Fire blight cankers serve as an overwintering location for the fire blight bacterium, Erwinia amylovora, and it is also suspected that these cankers also serve as an overwintering location for Colletotrichum spp. the fungal pathogen causing Glomerella leaf spot and bitter rot on apple. As spring temperatures warm, the fire blight bacteria ooze from the cankers and serve as primary inoculum (the primary source for infection) for blossom blight (and early shoot blight). Consider the following when pruning out fire blight cankers:

  1. Cankers not in main scaffold/trunk: These cankers result from blossom and slowed/ aborted shoot infections. Prune out at least 12″ from the canker margin and try to cut into 2-yr-old (or older wood). The reasoning for pruning beyond the canker margin is due to the fact that the fire blight pathogen travels faster and thus further than the observed symptoms.

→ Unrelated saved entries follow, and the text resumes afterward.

(* For every base $\mathcal{B}$, atomic multisets $L$ and $K$, and atom $p$: $L\Vdash^K_{\mathcal{B}}p$ if and only if $L,K\vdash_{\mathcal{B}}p$.
   Context: Fix a set $\mathbb{A}$ of propositional atoms. ILL formulae: $\phi ::= p\in\mathbb{A} \mid \top \mid 0 \mid 1 \mid \phi\multimap\phi \mid \phi\otimes\phi \mid \phi\,\&\,\phi \mid \phi\oplus\phi \mid\ !\phi$. All multisets are finite; "$\Gamma,\Delta$" denotes multiset union. Atomic rules and bases: an atomic sequent is $P\Rightarrow p$ with $P$ a multiset of atoms, $p$ an atom. An atomic box is a multiset of atomic sequents. An atomic rule is a triple $\langle\mathbf{A},\mathbf{S},p\rangle$ with $\mathbf{A}$ a multiset of atomic boxes, $\mathbf{S}$ an atomic box, $p$ an atom. A base is a set of atomic rules. An atom $p$ is persistent in $\mathcal{B}$ if some $\langle\varnothing,\mathbf{S},p\rangle\in\mathcal{B}$ has $\mathbf{S}\neq\varnothing$. Derivability $\vdash_{\mathcal{B}}$: (Ref) $p\vdash_{\mathcal{B}}p$; (App) if $\langle\mathbf{A},\mathbf{S},p\rangle\in\mathcal{B}$ with $\mathbf{A}=\{\mathbf{T}_1,\dots,\mathbf{T}_m\}$, and there are atomic multisets $C_1,\dots,C_n$ ($n\ge m$) and a multiset $D=\{d_{m+1},\dots,d_n\}$ of atoms persistent in $\mathcal{B}$ such that $C_i,Q\vdash_{\mathcal{B}}q$ for every $i\le m$ and every $Q\Rightarrow q\in\mathbf{T}_i$, $C_j\vdash_{\mathcal{B}}d_j$ for every $m<j\le n$, and $D,U\vdash_{\mathcal{B}}v$ for every $U\Rightarrow v\in\mathbf{S}$, then $C_1,\dots,C_n\vdash_{\mathcal{B}}p$. Support $\Vdash^L_{\mathcal{B}}$ (base $\mathcal{B}$, atomic multiset $L$), by induction on formulae: $\Vdash^L_{\mathcal{B}}p$ iff $L\vdash_{\mathcal{B}}p$; $\Vdash^L_{\mathcal{B}}\varphi\multimap\psi$ iff $\varphi\Vdash^L_{\mathcal{B}}\psi$; $\Vdash^L_{\mathcal{B}}\varphi\otimes\psi$ iff for all $\mathcal{C}\supseteq\mathcal{B}$, atomic $K$, atoms $p$: if $\varphi,\psi\Vdash^K_{\mathcal{C}}p$ then $\Vdash^{L,K}_{\mathcal{C}}p$; $\Vdash^L_{\mathcal{B}}1$ iff for all $\mathcal{C}\supseteq\mathcal{B}$, $K$, $p$: if $\Vdash^K_{\mathcal{C}}p$ then $\Vdash^{L,K}_{\mathcal{C}}p$; $\Vdash^L_{\mathcal{B}}\varphi\&\psi$ iff $\Vdash^L_{\mathcal{B}}\varphi$ and $\Vdash^L_{\mathcal{B}}\psi$; $\Vdash^L_{\mathcal{B}}\varphi\oplus\psi$ iff for all $\mathcal{C}\supseteq\mathcal{B}$, $K$, $p$: if $\varphi\Vdash^K_{\mathcal{C}}p$ and $\psi\Vdash^K_{\mathcal{C}}p$ then $\Vdash^{L,K}_{\mathcal{C}}p$; $\Vdash^L_{\mathcal{B}}0$ iff $\Vdash^{L,K}_{\mathcal{B}}p$ for all atoms $p$ and atomic $K$; $\Vdash^L_{\mathcal{B}}\top$ always; $\Vdash^L_{\mathcal{B}}!\varphi$ iff for all $\mathcal{C}\supseteq\mathcal{B}$, $K$, $p$: if (for all $\mathcal{D}\supseteq\mathcal{C}$, $\Vdash^{\varnothing}_{\mathcal{D}}\varphi$ implies $\Vdash^K_{\mathcal{D}}p$) then $\Vdash^{L,K}_{\mathcal{C}}p$. For nonempty multisets: $\Vdash^L_{\mathcal{B}}\Gamma,\Delta$ iff $L=K,M$ with $\Vdash^K_{\mathcal{B}}\Gamma$ and $\Vdash^M_{\mathcal{B}}\Delta$. For a nonempty antecedent written $!\Delta,\Theta$, where $!\Delta$ collects the formulae with top-level connective $!$ (with $\Delta$ the formulae under those $!$) and $\Theta$ contains none: $!\Delta,\Theta\Vdash^L_{\mathcal{B}}\varphi$ iff for all $\mathcal{C}\supseteq\mathcal{B}$ and atomic $K$, if $\Vdash^{\varnothing}_{\mathcal{C}}\delta$ for every $\delta\in\Delta$ and $\Vdash^K_{\mathcal{C}}\Theta$ then $\Vdash^{L,K}_{\mathcal{C}}\varphi$ (when $\Theta$ is empty, $K$ is empty). An empty antecedent: $\varnothing\Vdash^L_{\mathcal{B}}\varphi$ means $\Vdash^L_{\mathcal{B}}\varphi$. An atomic multiset $L$ used as an antecedent is regarded as a multiset of atomic formulae. *)

theory Defs
  imports Main "HOL-Library.Multiset"
begin

type_synonym 'a asequent = "'a multiset \<times> 'a"
type_synonym 'a box = "'a asequent multiset"
type_synonym 'a arule = "'a box multiset \<times> 'a box \<times> 'a"
type_synonym 'a base = "'a arule set"

definition persistent :: "'a base \<Rightarrow> 'a \<Rightarrow> bool" where
  "persistent B p \<longleftrightarrow> (\<exists>S. ({#}, S, p) \<in> B \<and> S \<noteq> {#})"

text \<open>Derivability. The boxes of A are enumerated by a list Ts (mset Ts = A);
  C_1..C_n are the list Cs, the persistent atoms d_{m+1}..d_n are the list ds.\<close>

inductive derives :: "'a base \<Rightarrow> 'a multiset \<Rightarrow> 'a \<Rightarrow> bool" where
  Ref: "derives B {#p#} p"
| App: "\<lbrakk> (A, S, p) \<in> B;
          mset Ts = A;
          length Cs = length Ts + length ds;
          \<forall>i < length Ts. \<forall>Qq \<in># Ts ! i. derives B (Cs ! i + fst Qq) (snd Qq);
          \<forall>j < length ds. persistent B (ds ! j) \<and> derives B (Cs ! (length Ts + j)) (ds ! j);
          \<forall>Uv \<in># S. derives B (mset ds + fst Uv) (snd Uv) \<rbrakk>
        \<Longrightarrow> derives B (sum_list Cs) p"

datatype 'a fm = Atom 'a | Top | Zero | One | Lolli "'a fm" "'a fm" | Tensor "'a fm" "'a fm"
  | With "'a fm" "'a fm" | Plus "'a fm" "'a fm" | Bang "'a fm"

text \<open>An antecedent item: its support predicate, and, if the formula is of the form !\<delta>,
  the predicate (\<lambda>C. support of \<delta> at C with the empty multiset).\<close>

type_synonym 'a item = "('a base \<Rightarrow> 'a multiset \<Rightarrow> bool) \<times> ('a base \<Rightarrow> bool) option"

fun msupp_items :: "'a base \<Rightarrow> 'a multiset \<Rightarrow> 'a item list \<Rightarrow> bool" where
  "msupp_items C K [] \<longleftrightarrow> K = {#}"
| "msupp_items C K (it # its) \<longleftrightarrow>
     (\<exists>K1 K2. K = K1 + K2 \<and> fst it C K1 \<and> msupp_items C K2 its)"

definition ante_items :: "'a base \<Rightarrow> 'a multiset \<Rightarrow> 'a item list
    \<Rightarrow> ('a base \<Rightarrow> 'a multiset \<Rightarrow> bool) \<Rightarrow> bool" where
  "ante_items B L its Q \<longleftrightarrow>
     (if its = [] then Q B L
      else (\<forall>C K. B \<subseteq> C \<longrightarrow>
              (\<forall>it \<in> set its. case snd it of Some d \<Rightarrow> d C | None \<Rightarrow> True) \<longrightarrow>
              msupp_items C K (filter (\<lambda>it. snd it = None) its) \<longrightarrow>
              Q C (L + K)))"

primrec sem :: "'a fm \<Rightarrow> 'a item" where
  "sem (Atom p) = ((\<lambda>B L. derives B L p), None)"
| "sem Top = ((\<lambda>B L. True), None)"
| "sem Zero = ((\<lambda>B L. \<forall>p K. derives B (L + K) p), None)"
| "sem One = ((\<lambda>B L. \<forall>C K p. B \<subseteq> C \<longrightarrow> derives C K p \<longrightarrow> derives C (L + K) p), None)"
| "sem (Lolli \<phi> \<psi>) = ((\<lambda>B L. ante_items B L [sem \<phi>] (fst (sem \<psi>))), None)"
| "sem (Tensor \<phi> \<psi>) = ((\<lambda>B L. \<forall>C K p. B \<subseteq> C \<longrightarrow>
        ante_items C K [sem \<phi>, sem \<psi>] (\<lambda>D M. derives D M p) \<longrightarrow> derives C (L + K) p), None)"
| "sem (With \<phi> \<psi>) = ((\<lambda>B L. fst (sem \<phi>) B L \<and> fst (sem \<psi>) B L), None)"
| "sem (Plus \<phi> \<psi>) = ((\<lambda>B L. \<forall>C K p. B \<subseteq> C \<longrightarrow>
        ante_items C K [sem \<phi>] (\<lambda>D M. derives D M p) \<longrightarrow>
        ante_items C K [sem \<psi>] (\<lambda>D M. derives D M p) \<longrightarrow> derives C (L + K) p), None)"
| "sem (Bang \<phi>) = ((\<lambda>B L. \<forall>C K p. B \<subseteq> C \<longrightarrow>
        (\<forall>D. C \<subseteq> D \<longrightarrow> fst (sem \<phi>) D {#} \<longrightarrow> derives D K p) \<longrightarrow> derives C (L + K) p),
      Some (\<lambda>C. fst (sem \<phi>) C {#}))"

definition supp :: "'a base \<Rightarrow> 'a multiset \<Rightarrow> 'a fm \<Rightarrow> bool" where
  "supp B L \<phi> = fst (sem \<phi>) B L"

inductive msupp :: "'a base \<Rightarrow> 'a multiset \<Rightarrow> 'a fm multiset \<Rightarrow> bool" where
  "msupp B {#} {#}"
| "supp B K \<phi> \<Longrightarrow> msupp B M \<Gamma> \<Longrightarrow> msupp B (K + M) (add_mset \<phi> \<Gamma>)"

definition is_bang :: "'a fm \<Rightarrow> bool" where
  "is_bang \<phi> \<longleftrightarrow> (\<exists>\<delta>. \<phi> = Bang \<delta>)"

definition seq_supp :: "'a base \<Rightarrow> 'a fm multiset \<Rightarrow> 'a multiset \<Rightarrow> 'a fm \<Rightarrow> bool" where
  "seq_supp B \<Gamma> L \<phi> \<longleftrightarrow>
     (if \<Gamma> = {#} then supp B L \<phi>
      else (\<forall>C K. B \<subseteq> C \<longrightarrow>
              (\<forall>\<delta>. Bang \<delta> \<in># \<Gamma> \<longrightarrow> supp C {#} \<delta>) \<longrightarrow>
              msupp C K (filter_mset (\<lambda>\<phi>. \<not> is_bang \<phi>) \<Gamma>) \<longrightarrow>
              supp C (L + K) \<phi>))"

end

theory Submission
  imports Defs
begin

text \<open>Left to right, instantiate the extension by the base itself and the atomic
  multiset L by L, which supports the atoms of L by (Ref). Right to left, derivability
  persists along base extensions, and an atom supported at M may be cut against its
  occurrence in a derivation: by induction on the derivation, the occurrence lies in one
  of the contexts C_i of the last (App) step, and only that context is modified.\<close>

lemma persistent_mono: "persistent B d \<Longrightarrow> B \<subseteq> C \<Longrightarrow> persistent C d"
  unfolding persistent_def by blast

lemma derives_mono: "derives B X p \<Longrightarrow> B \<subseteq> C \<Longrightarrow> derives C X p"
proof (induction rule: derives.induct)
  case (Ref B p)
  show ?case by (rule derives.Ref)
next
  case (App A S p B Ts Cs ds)
  then show ?case
    by (intro derives.App[of A S p C Ts Cs ds]) (auto intro: persistent_mono)
qed

lemma sum_list_update_add:
  fixes xs :: "'b::comm_monoid_add list"
  shows "i < length xs \<Longrightarrow> sum_list (xs[i := y]) + xs ! i = sum_list xs + y"
  by (induction xs arbitrary: i) (auto simp: add_ac split: nat.split)

lemma mset_in_sum_list_nth:
  assumes "x \<in># sum_list Ms"
  obtains i where "i < length Ms" and "x \<in># Ms ! i"
  using assms unfolding sum_mset_sum_list[symmetric] by (auto simp: in_set_conv_nth)

lemma derives_cut:
  "derives B (add_mset l X) q \<Longrightarrow> derives B M l \<Longrightarrow> derives B (X + M) q"
proof (induction "add_mset l X" q arbitrary: X rule: derives.induct)
  case (Ref B p)
  then show ?case by simp
next
  case (App A S p B Ts Cs ds)
  obtain i where i: "i < length Cs" "l \<in># Cs ! i"
    using App.hyps(7) by (metis mset_in_sum_list_nth union_single_eq_member)
  then obtain R where R: "Cs ! i = add_mset l R"
    by (metis multi_member_split)
  define Cs' where "Cs' = Cs[i := R + M]"
  have "sum_list Cs' + Cs ! i = sum_list Cs + R + M"
    unfolding Cs'_def using sum_list_update_add[OF i(1)] by (simp add: add_ac)
  then have sum: "sum_list Cs' = X + M"
    using R App.hyps(7) by simp
  have nth: "Cs' ! k = (if k = i then R + M else Cs ! k)" if "k < length Cs" for k
    using that i(1) by (simp add: Cs'_def)
  have cut_box: "derives B (X' + M) (snd Qq)"
    if "k < length Ts" "Qq \<in># Ts ! k" "Cs ! k + fst Qq = add_mset l X'" for k Qq X'
    using App.hyps(4) App.prems that by blast
  have cut_persistent: "derives B (X' + M) (ds ! j)"
    if "j < length ds" "Cs ! (length Ts + j) = add_mset l X'" for j X'
    using App.hyps(5) App.prems that by blast
  have "derives B (sum_list Cs') p"
  proof (rule derives.App[OF App.hyps(1,2)])
    show "length Cs' = length Ts + length ds"
      using App.hyps(3) by (simp add: Cs'_def)
    show "\<forall>k < length Ts. \<forall>Qq \<in># Ts ! k. derives B (Cs' ! k + fst Qq) (snd Qq)"
    proof (intro allI impI ballI)
      fix k Qq assume k: "k < length Ts" and Qq: "Qq \<in># Ts ! k"
      show "derives B (Cs' ! k + fst Qq) (snd Qq)"
      proof (cases "k = i")
        case True
        then have "derives B (R + fst Qq + M) (snd Qq)"
          using cut_box[OF k Qq] R by simp
        then show ?thesis using True k App.hyps(3) nth by (simp add: add_ac)
      next
        case False
        then show ?thesis using App.hyps(3,4) k Qq nth by simp
      qed
    qed
    show "\<forall>j < length ds. persistent B (ds ! j) \<and> derives B (Cs' ! (length Ts + j)) (ds ! j)"
    proof (intro allI impI conjI)
      fix j assume j: "j < length ds"
      show "persistent B (ds ! j)" using App.hyps(5) j by blast
      show "derives B (Cs' ! (length Ts + j)) (ds ! j)"
      proof (cases "length Ts + j = i")
        case True
        then show ?thesis using cut_persistent[OF j] R j App.hyps(3) nth by simp
      next
        case False
        then show ?thesis using App.hyps(3,5) j nth by simp
      qed
    qed
    show "\<forall>Uv \<in># S. derives B (mset ds + fst Uv) (snd Uv)"
      using App.hyps(6) by blast
  qed
  then show ?case using sum by simp
qed

lemma derives_cut_msupp:
  "msupp C M (image_mset Atom L) \<Longrightarrow> derives C (L + X) p \<Longrightarrow> derives C (M + X) p"
proof (induction C M "image_mset Atom L" arbitrary: L X rule: msupp.induct)
  case (1 C)
  then show ?case by simp
next
  case (2 C K \<phi> M \<Gamma>)
  obtain a L' where L: "L = add_mset a L'" and a: "\<phi> = Atom a" and \<Gamma>: "\<Gamma> = image_mset Atom L'"
    using msed_map_invR[OF "2.hyps"(4)[symmetric]] by metis
  have "derives C K a"
    using "2.hyps"(1) a by (simp add: supp_def)
  then have "derives C (L' + X + K) p"
    using derives_cut "2.prems" L by fastforce
  then have "derives C (M + (X + K)) p"
    using "2.hyps"(3)[OF \<Gamma>, of "X + K"] by (simp add: add_ac)
  then show ?case by (simp add: add_ac)
qed

lemma msupp_image_Atom: "msupp B L (image_mset Atom L)"
proof (induction L)
  case empty
  show ?case by (simp add: msupp.intros(1))
next
  case (add a L)
  have "supp B {#a#} (Atom a)" by (simp add: supp_def derives.Ref)
  from msupp.intros(2)[OF this add] show ?case by simp
qed

lemma seq_supp_image_Atom:
  assumes "L \<noteq> {#}"
  shows "seq_supp B (image_mset Atom L) K \<phi> \<longleftrightarrow>
    (\<forall>C M. B \<subseteq> C \<longrightarrow> msupp C M (image_mset Atom L) \<longrightarrow> supp C (K + M) \<phi>)"
proof -
  have "filter_mset (\<lambda>\<phi>. \<not> is_bang \<phi>) (image_mset Atom L) = image_mset Atom L"
    by (induction L) (auto simp: is_bang_def)
  then show ?thesis
    using assms by (auto simp: seq_supp_def)
qed

theorem lemma2:
  fixes B :: "'a base" and L K :: "'a multiset" and p :: 'a
  shows "seq_supp B (image_mset Atom L) K (Atom p) \<longleftrightarrow> derives B (L + K) p"
proof (cases "L = {#}")
  case True
  then show ?thesis by (simp add: seq_supp_def supp_def)
next
  case False
  have "seq_supp B (image_mset Atom L) K (Atom p) \<longleftrightarrow>
    (\<forall>C M. B \<subseteq> C \<longrightarrow> msupp C M (image_mset Atom L) \<longrightarrow> derives C (K + M) p)"
    using seq_supp_image_Atom[OF False] by (simp add: supp_def)
  also have "\<dots> \<longleftrightarrow> derives B (L + K) p"
  proof
    assume "\<forall>C M. B \<subseteq> C \<longrightarrow> msupp C M (image_mset Atom L) \<longrightarrow> derives C (K + M) p"
    then show "derives B (L + K) p"
      using msupp_image_Atom by (metis add.commute order_refl)
  next
    assume "derives B (L + K) p"
    then show "\<forall>C M. B \<subseteq> C \<longrightarrow> msupp C M (image_mset Atom L) \<longrightarrow> derives C (K + M) p"
      using derives_mono derives_cut_msupp by (metis add.commute)
  qed
  finally show ?thesis .
qed

end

  2. If the canker exists in the main trunk it may not be worth cutting out. If the trunk canker occurs in a more traditional orchard (i.e. not high density) you may decide to leave the tree in the ground and determine if you are still producing enough apples on that tree to be profitable. However, I’ll provide a simple warning that those cankers will likely increase your risk of fire blight throughout the orchard and it would be smart to apply a late silver/green tip copper application for protection (more on that in the next post).
  3. If the main scaffold in a high density planting has evidence of fire blight damage, you may want to consider pulling the tree to prevent the rapid spread of fire blight throughout the orchard.
  4. Do NOT leave pruned wood sitting in the orchard. Your best course of action is to remove the infected wood and toss it in the burn pile.